Cordless phones and cell phones communicate via radio transmissions, & offer no promise of privacy, so your personal information is fair game for any low-life with the equipment to eavesdrop and collect your financial data to use for their own purposes (identy theft is big business). I will always maintain a landline for security.

Cell phone reception in my area is patchy at best (high mountain, rural area), but both hubby and I have cell phones to use in town and when traveling. (Cheap, shared minutes plan). Has anyone tried to find a pay phone lately? Mission impossible. Don't get stranded in the dark in a strange place without a cell phone.


----------



## just jim (Oct 18, 2007)

Just cut the land line last month.
My sister and her family have been using only cell phones for years, and they love it.
So my wife and I finally decided to go the same route.
When we had the land line, we never answered it, always let it go to machine.
The hardest thing to get used to was not looking for the blinking light when we walked in the door.

I have to say, I'm not regretting this move.
We've even gotten better at texting, which is umlimited for us, mostly because of our daughter.
I do not regret paying less overall a month for phone service.


----------



## amazingrace (Jul 28, 2006)

Just be careful what info you broadcast. There's all sorts of creeps trolling the airwaves.


----------



## heidih (Sep 29, 2008)

I gave up my land line long ago, and only have a cell. My internet is through my cable company. No regrets. I do miss having fax abilities though.


----------



## shroomgirl (Aug 11, 2000)

both.....DSL and landline for business listing in phonebook. 

Cell....I was a confirmed ludite, it makes it so easy to stay in contact with family. Or when I'm on long trips it's time to catch up on calls, or long waits etc.

For catering it's a time saver, your lost staff can be guided in, your host has no ice....staff can pick it up on the way.....really has become important. Clients can reach me quickly.
Ditto crowds, ditto emergencies...you may not have them often but if you do it's value cannot be underestimated.

My brother and nephew bought cheap phones on the internet and pay month to month $10 a month for 80 minutes. The 4 women in his family are on a family plan with 3000 minutes/my mom's Verizon account.

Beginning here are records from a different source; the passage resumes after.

lemma finite_syms: "finite (syms A)"
  by (induction A) (auto split: prd.split)

lemma sub_rename_fm:
  assumes "sub Eqs A B" and "inj f" and "\<And>m. inj (g m)"
  shows "sub Eqs (rename_fm f g h A) (rename_fm f g h B)"
  using assms(1)
proof (induction rule: sub.induct)
  case (s_refl A)
  show ?case by (rule sub.s_refl)
next
  case (s_imp A A' B B')
  then show ?case by (auto intro: sub.s_imp)
next
  case (s_allL u A B)
  then have "sub Eqs (substf 0 [rename_trm f u] (rename_fm f g h A)) (rename_fm f g h B)"
    by (simp add: rename_fm_substf)
  with s_allL.hyps show ?case by (auto intro: sub.s_allL)
next
  case (s_all2L G A B n)
  then have "sub Eqs (substso 0 0 (rename_fm f g h G) (rename_fm f g h A)) (rename_fm f g h B)"
    by (simp add: rename_fm_substso)
  with s_all2L.hyps show ?case by (auto intro: sub.s_all2L)
next
  case (s_allR A x B)
  have "sub Eqs (rename_fm f g h A) (substf 0 [FV (f x)] (rename_fm f g h B))"
    using s_allR.IH by (simp add: rename_fm_substf)
  moreover have "f x \<notin> fvf (rename_fm f g h A)" "f x \<notin> fvf (rename_fm f g h B)"
    using s_allR.hyps assms(2) by (auto simp: fvf_rename_fm inj_eq)
  ultimately show ?case by (auto intro: sub.s_allR)
next
  case (s_all2R A X n B)
  have "sub Eqs (rename_fm f g h A) (substso 0 0 (Atom (PV (g n X) n) (bvs n)) (rename_fm f g h B))"
    using s_all2R.IH by (simp add: rename_fm_substso)
  moreover have "(g n X, n) \<notin> fvso (rename_fm f g h A)" "(g n X, n) \<notin> fvso (rename_fm f g h B)"
    using s_all2R.hyps assms(3) by (auto simp: fvso_rename_fm inj_eq)
  ultimately show ?case by (auto intro: sub.s_all2R)
next
  case (s_eq A v B w)
  have "sub Eqs (rename_fm f g h A) (substf 0 [rename_trm f v] (rename_fm f g h B))"
    using s_eq.IH by (simp add: rename_fm_substf)
  then have "sub Eqs (rename_fm f g h A) (substf 0 [rename_trm f w] (rename_fm f g h B))"
    using eq_inst_rename_trm[OF s_eq.hyps(2)] by (rule sub.s_eq)
  then show ?case by (simp add: rename_fm_substf)
next
  case (s_trans A B C)
  then show ?case by (auto intro: sub.s_trans)
next
  case (s_fold n D ts)
  then have "ty (Mu n (rename_fm f g h D) (map (rename_trm f) ts))"
    using ty_rename_fm[of f g h "Mu n D ts"] by simp
  then show ?case by (simp add: rename_fm_unfold sub.s_fold)
next
  case (s_unfold n D ts)
  then have "ty (Mu n (rename_fm f g h D) (map (rename_trm f) ts))"
    using ty_rename_fm[of f g h "Mu n D ts"] by simp
  then show ?case by (simp add: rename_fm_unfold sub.s_unfold)
next
  case (s_ind n D ts ys F)
  have "ty (Mu n (rename_fm f g h D) (map (rename_trm f) ts))"
    using s_ind.hyps(1) ty_rename_fm[of f g h "Mu n D ts"] by simp
  moreover have "distinct (map f ys)"
    using s_ind.hyps(3) assms(2) by (simp add: distinct_map inj_on_subset[OF assms(2)])
  moreover have "set (map f ys) \<inter> (fvf (rename_fm f g h D) \<union> fvf (rename_fm f g h F)) = {}"
    using s_ind.hyps(4) assms(2) by (auto simp: fvf_rename_fm inj_eq)
  moreover have "sub Eqs
      (substf 0 (map FV (map f ys)) (substso 0 0 (liftf n n (rename_fm f g h F)) (rename_fm f g h D)))
      (substf 0 (map FV (map f ys)) (rename_fm f g h F))"
    using s_ind.IH by (simp add: rename_fm_substf rename_fm_substso rename_fm_liftf comp_def)
  ultimately have "sub Eqs (Mu n (rename_fm f g h D) (map (rename_trm f) ts))
      (substf 0 (map (rename_trm f) ts) (rename_fm f g h F))"
    using s_ind.hyps(2) by (intro sub.s_ind) auto
  then show ?case by (simp add: rename_fm_substf)
qed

Verizon techs are pretty good about providing tutorials and quickly fixing repairs.


----------



## chrose (Nov 20, 2000)

Thanks for the thoughts. I am old school ( a fancy way of just saying old...) and so we have decided to keep the land line as well. We got a family plan with my son who already had a phone and so whoopie. I have a cell phone and no one to call


----------



## shroomgirl (Aug 11, 2000)

one of the really cool things my techno brother has is specific call "rings' for people.....when my father calls my brother, his phone will start saying "who's your daddy", when my mom calls my bro....it's "this is your mother calling pick up the phone", his wife Sherry has Sherry Baby, each of his kids has a special one.....not sure what mine is, it would be interesting to find out.:crazy:


----------



## yuns555 (Mar 6, 2006)

i only had a cell phone only until i moved and since i work for a telecommunication company, i have a landline because it's comp'd. the only calls i get on that line are from telemarketers.


----------